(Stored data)
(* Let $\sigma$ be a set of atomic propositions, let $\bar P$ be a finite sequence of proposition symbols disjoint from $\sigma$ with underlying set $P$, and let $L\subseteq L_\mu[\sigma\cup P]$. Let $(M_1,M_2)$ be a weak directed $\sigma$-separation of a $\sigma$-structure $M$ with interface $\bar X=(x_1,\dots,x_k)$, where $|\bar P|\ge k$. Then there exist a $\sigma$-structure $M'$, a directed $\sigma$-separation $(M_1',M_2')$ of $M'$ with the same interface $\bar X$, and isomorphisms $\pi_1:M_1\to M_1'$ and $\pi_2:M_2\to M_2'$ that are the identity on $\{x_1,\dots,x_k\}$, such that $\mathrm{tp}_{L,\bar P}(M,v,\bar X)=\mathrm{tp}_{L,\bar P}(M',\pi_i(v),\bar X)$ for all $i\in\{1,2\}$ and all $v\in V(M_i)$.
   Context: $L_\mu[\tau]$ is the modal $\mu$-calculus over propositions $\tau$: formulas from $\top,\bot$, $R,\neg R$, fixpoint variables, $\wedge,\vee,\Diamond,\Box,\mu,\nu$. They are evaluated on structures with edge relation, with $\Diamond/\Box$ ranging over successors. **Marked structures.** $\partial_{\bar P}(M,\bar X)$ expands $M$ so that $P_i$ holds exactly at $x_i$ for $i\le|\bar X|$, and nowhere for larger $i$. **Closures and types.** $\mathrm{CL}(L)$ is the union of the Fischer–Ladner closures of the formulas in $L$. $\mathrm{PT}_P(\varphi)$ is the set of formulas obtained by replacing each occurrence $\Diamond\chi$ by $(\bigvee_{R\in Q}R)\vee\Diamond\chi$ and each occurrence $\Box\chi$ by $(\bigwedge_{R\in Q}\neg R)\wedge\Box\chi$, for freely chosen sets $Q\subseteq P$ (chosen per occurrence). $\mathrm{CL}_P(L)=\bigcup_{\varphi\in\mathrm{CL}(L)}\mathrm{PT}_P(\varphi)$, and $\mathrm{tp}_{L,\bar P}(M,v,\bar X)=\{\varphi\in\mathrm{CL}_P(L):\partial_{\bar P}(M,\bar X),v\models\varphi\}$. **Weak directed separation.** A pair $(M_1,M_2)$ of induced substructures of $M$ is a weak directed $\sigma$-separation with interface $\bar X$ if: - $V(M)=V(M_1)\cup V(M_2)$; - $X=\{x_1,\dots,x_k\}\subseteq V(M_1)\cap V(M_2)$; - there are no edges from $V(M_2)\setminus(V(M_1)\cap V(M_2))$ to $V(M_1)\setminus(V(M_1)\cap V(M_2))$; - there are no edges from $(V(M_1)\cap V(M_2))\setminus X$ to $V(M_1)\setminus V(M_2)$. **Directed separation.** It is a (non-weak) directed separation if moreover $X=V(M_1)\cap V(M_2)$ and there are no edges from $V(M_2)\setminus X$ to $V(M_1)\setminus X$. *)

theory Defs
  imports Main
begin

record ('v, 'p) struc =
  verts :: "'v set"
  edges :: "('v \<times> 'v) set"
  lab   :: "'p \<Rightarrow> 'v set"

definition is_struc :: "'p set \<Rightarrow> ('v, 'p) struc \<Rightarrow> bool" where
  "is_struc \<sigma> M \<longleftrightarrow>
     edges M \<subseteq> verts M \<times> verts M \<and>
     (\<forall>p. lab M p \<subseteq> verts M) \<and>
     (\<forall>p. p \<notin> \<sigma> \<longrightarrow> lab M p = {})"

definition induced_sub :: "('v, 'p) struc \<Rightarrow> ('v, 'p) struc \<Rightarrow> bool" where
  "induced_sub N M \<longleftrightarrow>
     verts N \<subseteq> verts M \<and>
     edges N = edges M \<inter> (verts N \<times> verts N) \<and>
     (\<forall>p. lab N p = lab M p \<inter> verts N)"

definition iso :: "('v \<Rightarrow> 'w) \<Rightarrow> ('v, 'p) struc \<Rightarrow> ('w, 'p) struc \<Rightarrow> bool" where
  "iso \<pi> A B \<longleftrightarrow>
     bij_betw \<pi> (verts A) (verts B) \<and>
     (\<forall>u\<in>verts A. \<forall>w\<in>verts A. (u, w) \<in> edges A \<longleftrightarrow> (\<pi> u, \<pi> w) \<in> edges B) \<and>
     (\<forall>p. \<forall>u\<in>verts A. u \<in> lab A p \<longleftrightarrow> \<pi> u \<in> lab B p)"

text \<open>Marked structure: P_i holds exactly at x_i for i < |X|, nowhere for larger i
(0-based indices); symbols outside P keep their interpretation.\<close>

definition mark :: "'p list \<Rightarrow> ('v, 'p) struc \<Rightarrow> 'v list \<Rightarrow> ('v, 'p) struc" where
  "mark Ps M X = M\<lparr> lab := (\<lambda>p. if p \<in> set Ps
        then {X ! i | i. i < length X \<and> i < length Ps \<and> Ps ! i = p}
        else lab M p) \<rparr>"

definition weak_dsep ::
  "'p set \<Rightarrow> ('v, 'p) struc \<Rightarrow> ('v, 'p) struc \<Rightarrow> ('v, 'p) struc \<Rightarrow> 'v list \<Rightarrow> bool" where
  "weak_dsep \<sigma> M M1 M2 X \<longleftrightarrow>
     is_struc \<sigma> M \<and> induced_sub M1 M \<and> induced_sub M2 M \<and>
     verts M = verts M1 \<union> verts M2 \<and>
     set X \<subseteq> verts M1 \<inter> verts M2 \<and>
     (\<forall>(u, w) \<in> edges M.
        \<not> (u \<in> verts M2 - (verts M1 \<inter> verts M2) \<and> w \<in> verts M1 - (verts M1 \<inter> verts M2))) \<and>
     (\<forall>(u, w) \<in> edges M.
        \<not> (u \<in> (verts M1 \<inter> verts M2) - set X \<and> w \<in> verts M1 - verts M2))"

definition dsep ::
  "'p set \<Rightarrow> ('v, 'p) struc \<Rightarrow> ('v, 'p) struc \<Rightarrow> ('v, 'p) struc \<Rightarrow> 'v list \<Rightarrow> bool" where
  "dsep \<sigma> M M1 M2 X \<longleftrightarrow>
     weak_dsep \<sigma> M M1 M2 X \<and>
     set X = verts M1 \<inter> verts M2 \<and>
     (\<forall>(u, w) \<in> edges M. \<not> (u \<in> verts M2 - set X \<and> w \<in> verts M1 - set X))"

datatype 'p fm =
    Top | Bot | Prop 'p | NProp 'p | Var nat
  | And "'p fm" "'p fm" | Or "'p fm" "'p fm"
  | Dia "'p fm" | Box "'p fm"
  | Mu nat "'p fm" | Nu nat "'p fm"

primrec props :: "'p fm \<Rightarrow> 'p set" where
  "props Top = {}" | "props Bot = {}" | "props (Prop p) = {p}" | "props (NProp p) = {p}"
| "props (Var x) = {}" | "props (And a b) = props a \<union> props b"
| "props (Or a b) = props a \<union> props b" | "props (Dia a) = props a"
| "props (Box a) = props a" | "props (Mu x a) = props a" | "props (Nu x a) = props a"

==

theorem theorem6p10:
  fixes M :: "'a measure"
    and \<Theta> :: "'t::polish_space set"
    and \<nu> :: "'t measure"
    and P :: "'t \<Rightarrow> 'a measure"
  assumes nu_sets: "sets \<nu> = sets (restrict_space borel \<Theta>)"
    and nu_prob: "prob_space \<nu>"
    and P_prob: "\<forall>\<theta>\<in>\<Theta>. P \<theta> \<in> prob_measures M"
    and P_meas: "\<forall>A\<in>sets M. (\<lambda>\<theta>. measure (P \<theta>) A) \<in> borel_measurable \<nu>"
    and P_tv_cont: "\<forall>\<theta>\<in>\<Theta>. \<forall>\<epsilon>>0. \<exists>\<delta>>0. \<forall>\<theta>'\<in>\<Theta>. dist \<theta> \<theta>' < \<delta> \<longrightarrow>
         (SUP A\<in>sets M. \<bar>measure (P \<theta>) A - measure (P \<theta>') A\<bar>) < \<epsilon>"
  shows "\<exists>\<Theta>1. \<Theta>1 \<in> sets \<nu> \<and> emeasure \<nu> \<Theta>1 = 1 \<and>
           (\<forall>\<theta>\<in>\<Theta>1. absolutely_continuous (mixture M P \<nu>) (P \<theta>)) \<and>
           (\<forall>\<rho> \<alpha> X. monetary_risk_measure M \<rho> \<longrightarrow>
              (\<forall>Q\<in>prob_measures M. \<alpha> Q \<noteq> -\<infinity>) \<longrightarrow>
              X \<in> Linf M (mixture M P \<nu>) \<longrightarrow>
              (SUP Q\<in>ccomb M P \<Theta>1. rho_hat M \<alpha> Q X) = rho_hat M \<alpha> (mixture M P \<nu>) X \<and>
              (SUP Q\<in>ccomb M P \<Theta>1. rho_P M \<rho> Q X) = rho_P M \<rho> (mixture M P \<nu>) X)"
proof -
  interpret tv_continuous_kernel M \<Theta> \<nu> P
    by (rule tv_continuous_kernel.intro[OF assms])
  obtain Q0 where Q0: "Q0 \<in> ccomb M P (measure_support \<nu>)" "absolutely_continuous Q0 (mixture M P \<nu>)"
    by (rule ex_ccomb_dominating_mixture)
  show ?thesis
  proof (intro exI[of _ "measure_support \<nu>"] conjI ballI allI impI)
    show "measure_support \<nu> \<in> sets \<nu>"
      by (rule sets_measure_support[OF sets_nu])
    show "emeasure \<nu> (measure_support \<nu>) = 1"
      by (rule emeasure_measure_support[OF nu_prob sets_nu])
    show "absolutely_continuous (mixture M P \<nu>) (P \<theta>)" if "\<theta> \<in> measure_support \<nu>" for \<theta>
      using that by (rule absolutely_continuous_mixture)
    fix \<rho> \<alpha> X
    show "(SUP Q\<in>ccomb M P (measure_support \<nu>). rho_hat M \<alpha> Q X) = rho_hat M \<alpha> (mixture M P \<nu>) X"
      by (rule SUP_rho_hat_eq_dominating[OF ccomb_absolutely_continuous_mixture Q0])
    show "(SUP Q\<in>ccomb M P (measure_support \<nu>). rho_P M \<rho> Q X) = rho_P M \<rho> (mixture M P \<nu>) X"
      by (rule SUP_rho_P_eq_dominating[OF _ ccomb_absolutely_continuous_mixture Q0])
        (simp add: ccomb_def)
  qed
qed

WHAT YOU HAVE TO DO: Only lines that include "NProp" belong in the answer; return them from the entries above.

EXERCISE OUTPUT:
    Top | Bot | Prop 'p | NProp 'p | Var nat
  "props Top = {}" | "props Bot = {}" | "props (Prop p) = {p}" | "props (NProp p) = {p}"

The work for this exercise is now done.